One example is the nursing reports generated at the end of a
shift—traditionally a private conversation between nurses usually held outside
of patient/family earshot. In two different units, these “hand-off” chats are
now occurring at the bedside, with parents present if they choose.
“It’s often thought by nurses that it’s easier to provide this transfer of
information without the families being present,” says Shelley Baranowski, the
new director of pediatric nursing, who previously helped implement a
family-centered care initiative at Cincinnati Children’s Hospital. “Some of the
resistance is that it feels different,” she says. “It isn’t what they may have
done for the last 10 years as a nurse.”
Her message to nurses: Different can be better. “We’re seeing a lot of
benefit of doing the report bedside,” says Baranowski. “It’s a wonderful
opportunity for the oncoming nurse to be introduced to the family and the
child, and there are a lot of safety elements involved: There can be some
verification with the parent of what took place during the shift. And it’s a
chance for the nurse to say to the parent, ‘Is there anything you want this
nurse coming in to know?’”
A similar education is taking place among pediatric physicians here. Under
the new family-centered rounds, physicians are expected to both teach residents
and interns while also addressing their conversation, in lay language, to the
parents present. That’s quite a juggling act. Janet Serwint, director of
pediatric resident education, says her focus is making family-centered rounds
the norm for newer residents, who are at a more malleable point in their
careers.
“We’ve been doing family-centered rounds now for two years,” says Serwint.

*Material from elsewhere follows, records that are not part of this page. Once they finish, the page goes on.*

lemma Union_nontriv_pairs_eq:
  assumes "finite P" "poset_on P le"
  shows "Union ` nontriv_pairs P le = nonprincipal_ideals P le"
  using Union_nontriv_pair_nonprincipal[OF assms(2)] nonprincipal_is_Union_nontriv_pair[OF assms]
  by blast

lemma card_conn_ideals:
  assumes fin: "finite P" and po: "poset_on P le"
  shows "card (conn_ideals P le) = card P + card (nonprincipal_ideals P le)"
proof -
  have sub: "principal_ideal P le ` P \<subseteq> conn_ideals P le"
    using principal_ideal_in_conn_ideals[OF fin po] by auto
  have "card (principal_ideal P le ` P) = card P"
    using card_image[OF inj_on_principal_ideal[OF po]] .
  moreover have "card (principal_ideal P le ` P) \<le> card (conn_ideals P le)"
    using card_mono[OF finite_conn_ideals[OF fin] sub] .
  ultimately show ?thesis
    unfolding nonprincipal_ideals_def
    using card_Diff_subset[OF finite_subset[OF sub finite_conn_ideals[OF fin]] sub] by linarith
qed

lemma ci_poset_iff_inj_on_Union:
  assumes fin: "finite P" and po: "poset_on P le"
  shows "ci_poset P le \<longleftrightarrow> inj_on Union (nontriv_pairs P le)"
proof -
  have "ci_poset P le \<longleftrightarrow> card (nontriv_pairs P le) = card (Union ` nontriv_pairs P le)"
    unfolding ci_poset_def Union_nontriv_pairs_eq[OF fin po] using card_conn_ideals[OF fin po]
    by linarith
  also have "\<dots> \<longleftrightarrow> inj_on Union (nontriv_pairs P le)"
    using eq_card_imp_inj_on[OF finite_nontriv_pairs[OF fin]] card_image by metis
  finally show ?thesis .
qed

subsection \<open>Transfer along an order embedding\<close>

locale order_embedding =
  fixes P :: "'a set" and leP :: "'a \<Rightarrow> 'a \<Rightarrow> bool"
    and Q :: "'b set" and leQ :: "'b \<Rightarrow> 'b \<Rightarrow> bool"
    and i :: "'b \<Rightarrow> 'a"
  assumes finite_P: "finite P" and poset_P: "poset_on P leP"
    and i_into: "i ` Q \<subseteq> P"
    and le_iff: "\<forall>q\<in>Q. \<forall>q'\<in>Q. leP (i q) (i q') \<longleftrightarrow> leQ q q'"
begin

definition lower_closure :: "'b set \<Rightarrow> 'a set" where
  "lower_closure J = {y \<in> P. \<exists>q\<in>J. leP y (i q)}"

lemma i_mem: "q \<in> Q \<Longrightarrow> i q \<in> P"
  using i_into by blast

lemma i_mem_lower_closure: "q \<in> J \<Longrightarrow> J \<subseteq> Q \<Longrightarrow> i q \<in> lower_closure J"
  using i_mem poset_on_refl[OF poset_P] unfolding lower_closure_def by blast

lemma vimage_lower_closure:
  assumes J: "order_ideal Q leQ J"
  shows "{q \<in> Q. i q \<in> lower_closure J} = J"
proof
  have JQ: "J \<subseteq> Q" using J unfolding order_ideal_def by blast
  show "{q \<in> Q. i q \<in> lower_closure J} \<subseteq> J"
  proof
    fix q assume "q \<in> {q \<in> Q. i q \<in> lower_closure J}"
    then obtain q' where "q \<in> Q" "q' \<in> J" "leP (i q) (i q')"
      unfolding lower_closure_def by blast
    moreover from this have "leQ q q'" using le_iff JQ by blast
    ultimately show "q \<in> J" using J unfolding order_ideal_def by blast
  qed
  show "J \<subseteq> {q \<in> Q. i q \<in> lower_closure J}"
    using JQ i_mem_lower_closure by blast
qed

“Last year, it was a more challenging sell. There was more negotiation about it
with the residents because they hadn’t done it as medical students. This year
it’s really become more the expectation. They’ve seen it before, and it makes
it much easier.” Residents are realizing that rounding this way actually saves
time in the long run, as they’re able to address many logistical and diagnostic
issues in the moment, versus a flurry of follow-up later.
Family-centered rounds are slowly catching on, says Serwint. She anticipates
that, as the logistics are worked out—notably having all the members of teams
coordinate schedules so they can be available at the same time of day, allowing
parents to plan accordingly—the rounds will spread to include specialists and
their teams at Hopkins Children’s.
“We want to make sure we’re doing the rounds right, so we’re still looking
at them as a pilot,” says Serwint. “There are a lot of specialists interested,
so I imagine the rounds will extend.”
For many veteran pediatricians, says Serwint, the wisdom of actively
including families in the process isn’t necessarily what they were taught. But
it is something they’ve come to value. “When I trained, you told people what
needed to happen. And people, whether they agreed or not, would generally
follow those recommendations,” says Serwint. “But what we’ve learned is that
families are the experts for their children.